Через десять минут Зет вытер пот со лба и выругался. Попытки срезать замок ни к чему не привели – болторез соскальзывал раз за разом. Потом попробовал использовать болторез, как фомку – просунуть в щель между дверью и шкафом. Тоже неудачно.

– Дай мне попробовать, – Роксана протянула руку за болторезом.

– Не думаю… если уж я не смог…

Роксана взяла у него инструмент и ударила в стенку шкафа. Жесть прогнулась и лопнула.

Образовалась небольшая дырка.

Она размахнулась и ударила еще раз – с такой силой, что заболели плечи.

Теперь в дыру можно завести губку болтореза и начинать резать.

Через пять минут в рюкзаке у Роксаны лежали двадцать две упаковки кетаминол вет, каждая по сто миллилитров.

Показалось? Нет, не показалось. Не галлюцинация, не разыгравшаяся фантазия.

Роксана опять подбежала к двери и приложила ухо.

Теперь сомнений не было: кто-то напевает в коридоре. Без слов. Она узнала лот. Лалех. Live tomorrow.

– Что делать? – прошипел Зет.

Глаза, как виниловые пластинки.

Роксана осторожно легла на пол – к счастью, стерильно чистый – и заглянула под дверь. Здесь голос был слышнее. Она прижала голову к порогу. Смотреть можно было только одним глазом.

Первое, что увидела, – маленькие колеса. Тележка.

И шмыгающая по полу швабра – вперед, назад, вперед, назад.

Уборщик. Или уборщица. По голосу не поймешь.

Но швабра с каждой секундой приближалась к двери.

Зет лег рядом, тоже попытался заглянуть под дверь. «Черт, черт, черт…» – с каждым выдохом. Наверняка сам не замечает.

Вспомнила, как в детстве мать водила ее к окулисту: почему-то решила, что у девочки двоится в глазах. Роксана не помнила, чтобы у нее что-то там двоилось, но мать так решила. Окулист порекомендовал носить наклейку на одном глазу. Расчет, очевидно, такой: один глаз привыкнет, что у него нет соперника, и возьмет на себя командные функции. То есть когда в конце концов эту дурацкую наклейку снимут, второй глаз волей-неволей будет подчиняться лидеру и видеть то же самое. Известный в психологии феномен.

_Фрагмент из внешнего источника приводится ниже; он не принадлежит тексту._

(* Let $(S,d)$ be a metric space and let $\bullet\in\{\mathrm{FM},\mathrm{BL}\}$. Then $E^S_\bullet$ is a weak$^*$-dense subset of $\operatorname{ext}(B^S_\bullet)$. If, additionally, $S$ is compact, then $E^S_\bullet$ is dense in $\operatorname{ext}(B^S_\bullet)$ with respect to the supremum norm $\|\cdot\|_\infty$.
   Context: $\mathrm{BL}(S)$ is the space of bounded real-valued Lipschitz functions on $S$. For a function $f$ on a metric space, $|f|_L=\sup_{x\neq y}|f(x)-f(y)|/d(x,y)$ is its Lipschitz constant, with the convention $|f|_L=0$ if the space is a singleton. Two norms on $\mathrm{BL}(S)$ are used: $\|f\|_{\mathrm{BL}}=\|f\|_\infty+|f|_L$ and $\|f\|_{\mathrm{FM}}=\max(\|f\|_\infty,|f|_L)$. $B^S_\bullet=\{f\in\mathrm{BL}(S):\|f\|_\bullet\le1\}$, and $\operatorname{ext}(C)$ denotes the set of extreme points of a convex set $C$. Any subset $P\subset S$ carries the restricted metric. Non-trivial extreme points: $\operatorname{ext}_*(B^P_\bullet)=\operatorname{ext}(B^P_\bullet)\setminus\{f\in B^P_\bullet: |f|=\mathbf{1}\}$. For non-empty $P\subset S$ and $f\in\mathrm{BL}(P)$ let $\mathcal{E}^{S,0}_P f(x)=\sup_{p\in P}[f(p)-|f|_L d(p,x)]$ for $x\in S$, and $\mathcal{E}^S_P f=\max(\mathcal{E}^{S,0}_P f,-\|f\|_\infty)$. Define $E^S_{\mathrm{BL}}=\bigcup_{P\subset S\text{ finite}}\mathcal{E}^S_P(\operatorname{ext}_*(B^P_{\mathrm{BL}}))\cup\{\mathbf{1},-\mathbf{1}\}$, and $E^S_{\mathrm{FM}}=\bigcup_{P\subset S\text{ finite}}\mathcal{E}^S_P(\operatorname{ext}_*(B^P_{\mathrm{FM}}))\cup\{f\in B^S_{\mathrm{FM}}:|f|=\mathbf{1}\}\cup\{h_P: P\subset S\text{ finite, non-empty}\}$, where $h_P(x)=\max\big(-1,\sup_{p\in P}[1-d(x,p)]\big)$. The weak$^*$ topology on $\mathrm{BL}(S)$ is the weak topology $\sigma(\mathrm{BL}(S),X)$, where $X$ is the closure, in the dual of $(\mathrm{BL}(S),\|\cdot\|_\bullet)$ with dual norm, of the linear span of the point evaluations $f\mapsto f(x)$, $x\in S$ (so that $\mathrm{BL}(S)$ with norm $\|\cdot\|_\bullet$ is the dual of $X$, and $f\mapsto f(x)$ are continuous). *)

theory Defs
  imports "HOL-Analysis.Analysis"
begin

text \<open>Functions on a subset A of a metric space are represented as total functions
  'a => real that vanish outside A (extensional representation).\<close>

definition supn :: "'a set \<Rightarrow> ('a \<Rightarrow> real) \<Rightarrow> real" where
  "supn A f = (if A = {} then 0 else (SUP x\<in>A. \<bar>f x\<bar>))"

definition lipc :: "'a::metric_space set \<Rightarrow> ('a \<Rightarrow> real) \<Rightarrow> real" where
  "lipc A f = (if \<exists>x\<in>A. \<exists>y\<in>A. x \<noteq> y
     then (SUP p\<in>{(x,y). x \<in> A \<and> y \<in> A \<and> x \<noteq> y}. \<bar>f (fst p) - f (snd p)\<bar> / dist (fst p) (snd p))
     else 0)"

definition BLsp :: "'a::metric_space set \<Rightarrow> ('a \<Rightarrow> real) set" where
  "BLsp A = {f. (\<forall>x. x \<notin> A \<longrightarrow> f x = 0) \<and> bounded (f ` A) \<and>
              (\<exists>L. \<forall>x\<in>A. \<forall>y\<in>A. \<bar>f x - f y\<bar> \<le> L * dist x y)}"

datatype bl_norm = FM | BL

definition bnorm :: "bl_norm \<Rightarrow> 'a::metric_space set \<Rightarrow> ('a \<Rightarrow> real) \<Rightarrow> real" where
  "bnorm N A f = (case N of FM \<Rightarrow> max (supn A f) (lipc A f) | BL \<Rightarrow> supn A f + lipc A f)"
lemma state_lower_bound: "j \<le> p \<Longrightarrow> lower_bound j (card (state j)) \<le> f (state j)"
proof (induction j)
  case 0
  then show ?case using normalized unfolding lower_bound_def normalized_on_def by simp
next
  case (Suc j)
  define t where "t = real (card (state j)) / real k - real j / real p"
  have IH: "(1 - ratio ^ j) * Q + ratio ^ j * Q * t \<le> f (state j)"
    using Suc unfolding lower_bound_def t_def by simp
  have Q_nonneg: "0 \<le> Q" using OPT_nonneg[OF finite_V normalized] .
  have "lower_bound (Suc j) (card (state j)) \<le> f (state j)"
  proof (cases "0 \<le> t")
    case True
    have "ratio ^ Suc j * Q * t \<le> ratio ^ j * Q * t"
      using True Q_nonneg ratio_nonneg ratio_le_1
      by (intro mult_right_mono) (simp_all add: mult_left_le_one_le)
    then show ?thesis using IH unfolding lower_bound_Suc t_def by simp
  next
    case False
    then have "real (card (state j)) / real k < real j / real p"
      unfolding t_def by simp
    also have "\<dots> \<le> 1"
      using Suc.prems by simp
    finally have "real (card (state j)) / real k < 1" .
    then have "card (state j) < k" using k_pos by (simp add: field_simps)
    moreover have "1 \<le> j" using False unfolding t_def by (cases j) auto
    ultimately have "(1 - ratio ^ j) * Q \<le> f (state j)"
      using unfilled_state_bound Suc.prems by simp
    moreover have "ratio ^ Suc j * Q * t \<le> 0"
      using False Q_nonneg ratio_nonneg by (simp add: mult_nonneg_nonpos)
    ultimately show ?thesis unfolding lower_bound_Suc t_def by simp
  qed
  then have "lower_bound (Suc j) 0 + threshold (Suc j) * real (card (state j)) \<le> f (state j)"
    by (subst (asm) lower_bound_affine)
  then have "lower_bound (Suc j) 0 + threshold (Suc j) * real (card (state (Suc j)))
      \<le> f (state (Suc j))"
    unfolding state_Suc by (rule one_pass_gain[OF finite_state])
  then show ?case by (subst lower_bound_affine)
qed

lemma p_pass_guarantee: "(1 - ratio ^ p) * Q \<le> f (state p)"
proof (cases "card (state p) < k")
  case True
  then show ?thesis using unfilled_state_bound p_pos by simp
next
  case False
  then have "card (state p) = k" using card_state_le le_neq_implies_less by blast
  then show ?thesis
    using state_lower_bound[of p] k_pos p_pos unfolding lower_bound_def by simp
qed

end

theorem mainTheorem19:
  fixes V :: "'a set" and f :: "'a set \<Rightarrow> real" and k p :: nat
    and sigma :: "nat \<Rightarrow> 'a list"
  assumes "finite V"
    and "nonneg_on V f" and "monotone_on_sets V f" and "submodular_on V f"
    and "normalized_on V f"
    and "0 < k" and "k \<le> card V"
    and "1 \<le> p"
    and "\<forall>i \<in> {1..p}. distinct (sigma i) \<and> set (sigma i) = V"
  shows "card (p_pass_state f k p (OPT V f k) sigma p) \<le> k \<and>
         f (p_pass_state f k p (OPT V f k) sigma p)
           \<ge> (1 - (real p / (real p + 1)) ^ p) * OPT V f k"
proof -
  interpret p_pass_run V f k p sigma
    using assms by unfold_locales auto
  show ?thesis
    using card_state_le p_pass_guarantee unfolding ratio_def by simp
qed

end
lemma is_interval_Int:
  assumes R: "riesz_group TYPE('a::ordered_ab_group_add)"
    and A: "is_interval (A::'a set)" and B: "is_interval B"
  shows "is_interval (A \<inter> B)"
proof (rule is_intervalI)
  fix x y assume xy: "x \<in> A \<inter> B" "y \<in> A \<inter> B"
  obtain a where a: "a \<in> A" "x \<le> a" "y \<le> a"
    using interval_directed[OF A] xy by blast
  obtain b where b: "b \<in> B" "x \<le> b" "y \<le> b"
    using interval_directed[OF B] xy by blast
  obtain c where c: "x \<le> c" "y \<le> c" "c \<le> a" "c \<le> b"
    using riesz_interpolation[OF R a(2) b(2) a(3) b(3)] by blast
  have "0 \<le> c"
    using interval_nonneg[OF A] xy c(1) by (meson IntD1 order.trans)
  then have "c \<in> A \<inter> B"
    using interval_down_closed[OF A a(1)] interval_down_closed[OF B b(1)] c by blast
  with c show "\<exists>z\<in>A \<inter> B. x \<le> z \<and> y \<le> z"
    by blast
qed (use assms interval_nonneg interval_zero interval_down_closed in blast)+

lemma is_interval_INT:
  assumes R: "riesz_group TYPE('a::ordered_ab_group_add)" and "finite I"
    and "\<And>i. i \<in> I \<Longrightarrow> is_interval (A i :: 'a set)"
  shows "is_interval (pos_cone \<inter> \<Inter>(A ` I))"
  using assms(2,3)
proof (induction I rule: finite_induct)
  case empty
  then show ?case
    by (simp add: is_interval_pos_cone)
next
  case (insert i I)
  have "pos_cone \<inter> \<Inter>(A ` insert i I) = A i \<inter> (pos_cone \<inter> \<Inter>(A ` I))"
    by auto
  with insert show ?case
    using is_interval_Int[OF R] by simp
qed

definition mult_cofinal :: "nat \<Rightarrow> 'a::ordered_ab_group_add set \<Rightarrow> bool" where
  "mult_cofinal n S \<longleftrightarrow> (\<forall>g\<ge>0. \<exists>s\<in>S. g \<le> nsmul n s)"

lemma interval_mult_eq:
  "is_interval (S::'a::ordered_ab_group_add set) \<Longrightarrow>
    interval_mult n S = {z. 0 \<le> z \<and> (\<exists>s\<in>S. z \<le> nsmul n s)}"
proof (induction n S rule: interval_mult.induct)
  case (1 S)
  then show ?case
    using interval_zero by (auto intro: antisym)
next
  case (2 S)
  then show ?case
    using interval_nonneg interval_down_closed by auto
next
  case (3 n S)
  show ?case
  proof (intro set_eqI iffI)
    fix z assume "z \<in> interval_mult (Suc (Suc n)) S"
    then obtain x y s1 where z: "0 \<le> z" "z \<le> x + y" "y \<in> S" "s1 \<in> S" "x \<le> nsmul (Suc n) s1"
      using 3 by (auto simp: interval_add_def)
    obtain s where s: "s \<in> S" "s1 \<le> s" "y \<le> s"
      using interval_directed[OF "3.prems" z(4,3)] by blast
    have "x \<le> nsmul (Suc n) s"
      using z(5) nsmul_mono[OF s(2)] by (rule order.trans)
    then have "z \<le> nsmul (Suc (Suc n)) s"
      using z(2) s(3) add_mono unfolding nsmul_Suc[of "Suc n"] by (metis order.trans)
    with z(1) s(1) show "z \<in> {z. 0 \<le> z \<and> (\<exists>s\<in>S. z \<le> nsmul (Suc (Suc n)) s)}"
      by blast
  next
    fix z assume "z \<in> {z. 0 \<le> z \<and> (\<exists>s\<in>S. z \<le> nsmul (Suc (Suc n)) s)}"
    then obtain s where z: "0 \<le> z" "s \<in> S" "z \<le> nsmul (Suc n) s + s"
      by (auto simp: nsmul_Suc[of "Suc n"])
    have "nsmul (Suc n) s \<in> interval_mult (Suc n) S"
      using 3 z(2) interval_nonneg nsmul_nonneg by blast
    with z show "z \<in> interval_mult (Suc (Suc n)) S"
      by (auto simp: interval_add_def)
  qed
qed

lemma interval_mult_eq_pos_cone_iff:
  "is_interval S \<Longrightarrow> interval_mult n S = pos_cone \<longleftrightarrow> mult_cofinal n S"
  unfolding interval_mult_eq mult_cofinal_def pos_cone_def by auto

lemma interval_mult_eq_pos_cone_mono:
  assumes "is_interval X" and "is_interval D" and "X \<subseteq> D"
    and "interval_mult n X = pos_cone"
  shows "interval_mult n D = pos_cone"
proof -
  have "mult_cofinal n X"
    using assms(1,4) interval_mult_eq_pos_cone_iff by blast
  then have "mult_cofinal n D"
    using \<open>X \<subseteq> D\<close> unfolding mult_cofinal_def by blast
  then show ?thesis
    using assms(2) interval_mult_eq_pos_cone_iff by blast
qed

text \<open>Riesz decomposition splits g \<le> n a into n pieces below a, each dominated by m U.\<close>

lemma riesz_nsmul_bound:
  fixes a g :: "'a::ordered_ab_group_add"
  assumes R: "riesz_group TYPE('a)" and U: "is_interval U" and "0 \<le> a"
    and "0 \<le> g" and "g \<le> nsmul n a"
    and "\<And>h. 0 \<le> h \<Longrightarrow> h \<le> a \<Longrightarrow> h \<le> g \<Longrightarrow> \<exists>c\<in>U. h \<le> nsmul m c"
  shows "\<exists>c\<in>U. g \<le> nsmul (n * m) c"
  using assms(4-6)
proof (induction n arbitrary: g)
  case 0
  then have "g = 0"
    by simp
  then show ?case
    using interval_zero[OF U] by auto
next
  case (Suc n)
  have "g \<le> nsmul n a + a"
    using Suc.prems by (simp add: nsmul_Suc)
  then obtain g1 g2 where g: "g = g1 + g2" "0 \<le> g1" "0 \<le> g2" "g1 \<le> nsmul n a" "g2 \<le> a"
    using riesz_decomposition[OF R] Suc.prems(1) nsmul_nonneg \<open>0 \<le> a\<close> by metis
  then have "g1 \<le> g" "g2 \<le> g"
    by simp_all
  then have "\<And>h. h \<le> g1 \<Longrightarrow> h \<le> g"
    by (meson order.trans)
  then obtain c1 where c1: "c1 \<in> U" "g1 \<le> nsmul (n * m) c1"
    using Suc.IH g(2,4) Suc.prems(3) by blast
  obtain c2 where c2: "c2 \<in> U" "g2 \<le> nsmul m c2"
    using Suc.prems(3) g(3,5) \<open>g2 \<le> g\<close> by blast
  obtain c where c: "c \<in> U" "c1 \<le> c" "c2 \<le> c"
    using interval_directed[OF U c1(1) c2(1)] by blast
  have "g1 \<le> nsmul (n * m) c" "g2 \<le> nsmul m c"
    using c1(2) c2(2) nsmul_mono[OF c(2)] nsmul_mono[OF c(3)] by (meson order.trans)+
  then have "g \<le> nsmul (n * m) c + nsmul m c"
    unfolding g(1) by (rule add_mono)
  also have "\<dots> = nsmul (Suc n * m) c"
    by (simp add: nsmul_add add.commute)
  finally show ?case
    using c(1) by blast
qed
(* Let $I$ be a BPPS instance with $d$ scenarios and let $\hat I$ be the instance obtained from $I$ by replacing small items as described in the context. Then $\mathrm{OPT}(\hat I)\le(1+2^{d+1}(d+1)\varepsilon)\,\mathrm{OPT}(I)+1$.
   Context: A BPPS instance has $d$ scenarios, items $\mathcal{I}$, each item $i$ with size $s_i$ and type (scenario set) $\mathcal{K}_i\subseteq\{1,\dots,d\}$, and bins of capacity $1$; $S_k=\{i:k\in\mathcal{K}_i\}$. A solution is a partition $\mathcal{B}$ of the items with $\sum_{i\in B\cap S_k}s_i\le1$ for all $B\in\mathcal{B}$ and all $k$, of value $\max_k|\{B\in\mathcal{B}:B\cap S_k\ne\emptyset\}|$; $\mathrm{OPT}$ is the minimum value. $\mathcal{T}$ is the set of all types. Fix $\varepsilon\in(0,1/4]$ with $1/\varepsilon$ an integer. Let $\mathcal{L}=\{i\in\mathcal{I}:s_i\ge\varepsilon^2\}$ and $\mathcal{S}=\mathcal{I}\setminus\mathcal{L}$; for $t\in\mathcal{T}$ let $\mathcal{S}_t$ be the items of $\mathcal{S}$ of type $t$, and let $\hat{\mathcal{S}}_t$ be a set of $\lceil\sum_{i\in\mathcal{S}_t}s_i/(\varepsilon-\varepsilon^2)\rceil$ new items, each of size $\varepsilon$ and type $t$. $\hat I$ is the instance with $d$ scenarios and item set $\mathcal{L}\cup\bigcup_{t\in\mathcal{T}}\hat{\mathcal{S}}_t$ (items of $\mathcal{L}$ keep their sizes and types). *)

theory Defs
  imports Complex_Main "HOL-Library.Disjoint_Sets"
begin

– Поначалу может немного чесаться, но потом пройдет, – заверил офтальмолог.

Уже по дороге домой чесалось сильнее, чем сто комариных укусов или изредка дающая о себе знать экзема под коленкой – мать считала, из-за какой-то вредоносной химии, которую добавляют в стиральные порошки. Хуже, чем присланный по почте шерстяной свитер, который связала тетя Этти.

– Ни в коем случае не снимать, – сказала мама.

В школе на нее смотрели, как на инопланетянку. Одноглазая девчонка! Соседка пересела на другую парту. Даже лучшая подруга спросила: неужели ты должна носить эту дурацкую нашлепку?